Without people joining together to fight to keep and improve the world for everyone and every non-human species, then the world would already be a living hell, far worse than it is now. Besides that, I met so many kind people, and kind people are lot more inspiring than greedy people.
But, if anyone here wants to put a property up for sale at significantly under market value, then send me an email, and I’ll buy it under value, and I’ll sell it and give some of those profits to charity.
Home affordability has fallen for many reasons, but here are some.
The wealthy DO buy a lot of real estate and homes (including foreign investors, and many of them hide behind layers of corporations or hide behind “front buyers” who look like U.S. citizens, but the money originates from foreign sources.
That bulk of big money pushes out many regular buyers because the prices go up, and most buyers can NOT pay all cash.

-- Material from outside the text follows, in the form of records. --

lemma (in prob_space) uniform_on_quantile_same_law:
  assumes U: "uniform_on M (space M) U" and X: "X \<in> borel_measurable M"
  shows "same_law M X (\<lambda>\<omega>. quantile (distr M borel X) (U \<omega>))"
proof -
  define \<mu> where "\<mu> = distr M borel X"
  have \<mu>: "real_distribution \<mu>" unfolding \<mu>_def using X by simp
  interpret \<mu>: real_distribution \<mu> by (fact \<mu>)
  have U01: "0 < U \<omega> \<and> U \<omega> < 1" for \<omega> using U by (simp add: uniform_on_def)
  have Y: "(\<lambda>\<omega>. quantile \<mu> (U \<omega>)) \<in> borel_measurable M"
    using U by (intro quantile_measurable[OF \<mu>]) (simp_all add: uniform_on_def)
  have "cdf (distr M borel (\<lambda>\<omega>. quantile \<mu> (U \<omega>))) x = cdf \<mu> x" for x
  proof -
    have "(\<lambda>\<omega>. quantile \<mu> (U \<omega>)) -` {..x} \<inter> space M = space M \<inter> {\<omega>\<in>space M. U \<omega> \<le> cdf \<mu> x}"
      using quantile_le_iff[OF \<mu>] U01 by auto
    moreover have "0 \<le> cdf \<mu> x" "cdf \<mu> x \<le> 1"
      by (simp_all add: \<mu>.cdf_nonneg \<mu>.cdf_bounded_prob)
    ultimately show ?thesis
      using U Y by (simp add: cdf_def measure_distr uniform_on_def clamp_real_unit prob_space)
  qed
  then have "distr M borel (\<lambda>\<omega>. quantile \<mu> (U \<omega>)) = \<mu>"
    using Y \<mu> by (intro cdf_unique) auto
  then show ?thesis using X Y unfolding same_law_def \<mu>_def by simp
qed

lemma same_law_integrable:
  assumes "same_law M X Y" "integrable M X"
  shows "integrable M Y"
proof -
  have X: "X \<in> borel_measurable M" and Y: "Y \<in> borel_measurable M"
    and XY: "distr M borel X = distr M borel Y" using assms(1) by (auto simp: same_law_def)
  have "integrable (distr M borel Y) (\<lambda>x. x)"
    unfolding XY[symmetric] using integrable_distr_eq[OF X, of "\<lambda>x. x"] assms(2) by simp
  then show ?thesis using integrable_distr_eq[OF Y, of "\<lambda>x. x"] by simp
qed

lemma same_law_integral:
  assumes "same_law M X Y"
  shows "integral\<^sup>L M X = integral\<^sup>L M Y"
proof -
  have X: "X \<in> borel_measurable M" and Y: "Y \<in> borel_measurable M"
    and XY: "distr M borel X = distr M borel Y" using assms by (auto simp: same_law_def)
  have "integral\<^sup>L M X = integral\<^sup>L (distr M borel X) (\<lambda>x. x)"
    using integral_distr[OF X, of "\<lambda>x. x"] by simp
  also have "\<dots> = integral\<^sup>L M Y"
    unfolding XY using integral_distr[OF Y, of "\<lambda>x. x"] by simp
  finally show ?thesis .
qed

lemma same_law_cmult:
  assumes "same_law M X Y"
  shows "same_law M (\<lambda>\<omega>. c * X \<omega>) (\<lambda>\<omega>. c * Y \<omega>)"
proof -
  have X: "X \<in> borel_measurable M" and Y: "Y \<in> borel_measurable M"
    and XY: "distr M borel X = distr M borel Y" using assms by (auto simp: same_law_def)
  have "distr M borel (\<lambda>\<omega>. c * X \<omega>) = distr (distr M borel X) borel (\<lambda>x. c * x)"
    using X by (subst distr_distr) (auto simp: comp_def)
  also have "\<dots> = distr M borel (\<lambda>\<omega>. c * Y \<omega>)"
    using Y unfolding XY by (subst distr_distr) (auto simp: comp_def)
  finally show ?thesis using X Y by (simp add: same_law_def)
qed

lemma integral_pos_if_pos_on:
  fixes f :: "'a \<Rightarrow> real"
  assumes f: "integrable M f" "AE \<omega> in M. 0 \<le> f \<omega>"
    and P: "P \<in> sets M" "0 < measure M P" "\<And>\<omega>. \<omega> \<in> P \<Longrightarrow> 0 < f \<omega>"
  shows "0 < integral\<^sup>L M f"
proof -
  have "integral\<^sup>L M f \<noteq> 0"
  proof
    assume "integral\<^sup>L M f = 0"
    then have "AE \<omega> in M. f \<omega> = 0" using integral_nonneg_eq_0_iff_AE[OF f] by simp
    then have "AE \<omega> in M. \<omega> \<notin> P" by eventually_elim (use P(3) in force)
    then have "P \<in> null_sets M" using AE_iff_null_sets[OF P(1)] by simp
    then show False using P(2) by (simp add: measure_def null_setsD1)
  qed
  moreover have "0 \<le> integral\<^sup>L M f" using f(2) by (rule integral_nonneg_AE)
  ultimately show ?thesis by simp
qed
(* Let $E$ be a functional defined on all $n$-qubit pure states, for all natural numbers $n$. Suppose (i) $E$ is a type I entanglement monotone, and (ii) $E(|\psi\rangle|0\rangle)=E(|\psi\rangle)$ for every multi-qubit state $|\psi\rangle$. Then $E$ is a type II entanglement monotone.
   Context: A type I entanglement monotone is a functional $M$ such that, for every $n$ and every LOCC protocol (each qubit a separate party) applied to an $n$-qubit state $|\psi\rangle$ yielding $n$-qubit output states $|\psi_i\rangle$ with probabilities $p_i$, one has $M(|\psi\rangle)\ge\sum_i p_iM(|\psi_i\rangle)$. For an $N$-qubit $|\psi\rangle$ and an $n$-qubit $|\phi\rangle$, $n\le N$, write $|\psi\rangle\geq_{\mathrm{LOCC}}|\phi\rangle$ if for some set $A$ of $n$ qubits the transformation $|\psi\rangle\to|\phi\rangle^{A}|0\rangle^{\bar A}$ is achievable exactly and with probability one by LOCC. A type II entanglement monotone is a functional $E$ on all $n$-qubit states, all $n$, with $E(|\psi\rangle)\ge E(|\psi'\rangle)$ whenever $|\psi\rangle\geq_{\mathrm{LOCC}}|\psi'\rangle$. *)

theory Defs
  imports Complex_Main
begin

text \<open>An n-qubit (unnormalised) vector: amplitudes indexed by computational basis
strings b :: nat \<Rightarrow> bool, where b k is the value of qubit k (qubits 0..n-1).\<close>
type_synonym qstate = "(nat \<Rightarrow> bool) \<Rightarrow> complex"

definition qbasis :: "nat \<Rightarrow> (nat \<Rightarrow> bool) set" where
  "qbasis n = {b. \<forall>k. b k \<longrightarrow> k < n}"

definition snorm2 :: "nat \<Rightarrow> qstate \<Rightarrow> real" where
  "snorm2 n v = (\<Sum>b\<in>qbasis n. (cmod (v b))^2)"

definition is_state :: "nat \<Rightarrow> qstate \<Rightarrow> bool" where
  "is_state n v \<longleftrightarrow> (\<forall>b. b \<notin> qbasis n \<longrightarrow> v b = 0) \<and> snorm2 n v = 1"

definition normalize :: "nat \<Rightarrow> qstate \<Rightarrow> qstate" where
  "normalize n v = (\<lambda>b. v b / complex_of_real (sqrt (snorm2 n v)))"

text \<open>A single-qubit operator (2x2 complex matrix, K out in) acting on qubit j.\<close>
type_synonym qop = "bool \<Rightarrow> bool \<Rightarrow> complex"

definition apply_local :: "nat \<Rightarrow> qop \<Rightarrow> qstate \<Rightarrow> qstate" where
  "apply_local j K v = (\<lambda>b. \<Sum>c\<in>UNIV. K (b j) c * v (b(j := c)))"

definition kraus_complete :: "qop list \<Rightarrow> bool" where
  "kraus_complete Ks \<longleftrightarrow>
     (\<forall>c d. (\<Sum>K\<leftarrow>Ks. \<Sum>a\<in>UNIV. cnj (K a c) * K a d) = (if c = d then 1 else 0))"

text \<open>(Finite-round) LOCC protocols with each qubit a separate party: in each round
one party j performs a local measurement given by Kraus operators; depending on the
(broadcast) outcome, the protocol continues with a subprotocol.\<close>
datatype locc = Done | Meas nat "(qop \<times> locc) list"

fun wf_locc :: "nat \<Rightarrow> locc \<Rightarrow> bool" where
  "wf_locc n Done = True"
| "wf_locc n (Meas j ks) =
     (j < n \<and> kraus_complete (map fst ks) \<and> (\<forall>x\<in>set ks. wf_locc n (snd x)))"

text \<open>Unnormalised output vectors of all branches (squared norm = probability).\<close>
fun outcomes :: "locc \<Rightarrow> qstate \<Rightarrow> qstate list" where
  "outcomes Done v = [v]"
| "outcomes (Meas j ks) v = concat (map (\<lambda>x. outcomes (snd x) (apply_local j (fst x) v)) ks)"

From 2020 to 2023, big investment buyers bought 28% of all homes for sale! Some newly built subdivisions were entirely bought by big investors.
The goal is exactly to turn the entire nation into a renter class society, with a few Oligarchs owning all the real estate (agricultural food production lands included), and then charge the renters as much as they can to keep them permanently poor.
This has been the goal of many Americans since early colonial times.
Many people wanted to mimic the King and Nobility system of Europe, and many still do.
Huge wealth disparity is created through many engineered tax favors, like the sick tax trick used by really wealthy people who claim only a small income, but they pull loans off the value of the stocks they own, and they can write off the interest rate.
So this bulk of money is largely untaxed. The system also encourages pump and dump schemes to impact stock valuations.
Large businesses often compensate their upper management by having the business purchase homes, cars, vacations, luxury items, cloths, golf packages, etc. for those in higher up management, and the company can write off those expenses.
This is yet another way that the Billionaires can live like Kings but pay very low taxes
Last I read, Billionaires pay about 3.5% on their asset valuation, and those tricks keep the taxes super low.
Extraction industries that lease Public Lands (minerals and resources owned by the Public) can “write off” a depletion for the resources that they extract!
Isn’t that crazy! We, the public, own those resources in common, yet the leasing extraction industry gets to take the depletion allowance and leave the site denuded (extracted) and less valuable.
Grazing on Public Lands is a shake down against Taxpayers. It costs only about $1.30 to graze a cow and calf for 1 month on Public Lands. If a livestock owner had to pay Private Land rates, it would cost $25 to $30 per month for that cow and calf.
So the Public (taxpayers) are being ripped off again. It’s also why burgers are still cheap due to massively ridiculous give-away subsidies on Public Lands. The Public then has to pay to clean up and repair the damages done, including water pollution and erosion from over-grazing.
Agricultural lands receive endless subsidies, including really cheap water. Most Ag property owners pay no taxes due to all their write offs. Water tables are being depleted by Ag operators, while entire towns go bust for lack of water and have to truck water in.
It’s insane. These Ag owners often play the fiddle of poverty while being very wealthy, that is particularly true in the mega-Ag state of California.
Trump’s 1st term resulted in Tariffs, and taxpayers had to pay out just under 1 Billion to farmers harmed by those tariffs, so the farmers had a safety net. Trump is set to repeat that process again. But most mid to small companies don’t and won’t get any subsidies to offset tariff costs, but farmers will. And even many farmers feel this system is corrupt.
If you wonder why the rich get so rich. Look to the unfair tax and credit systems that reward some, even guarantee profits with recurring yearly subsides, while the rest of us have to pay taxes and suffer the ups and downs of our businesses, without a dime of assistance from the government, and no safety net in bad years.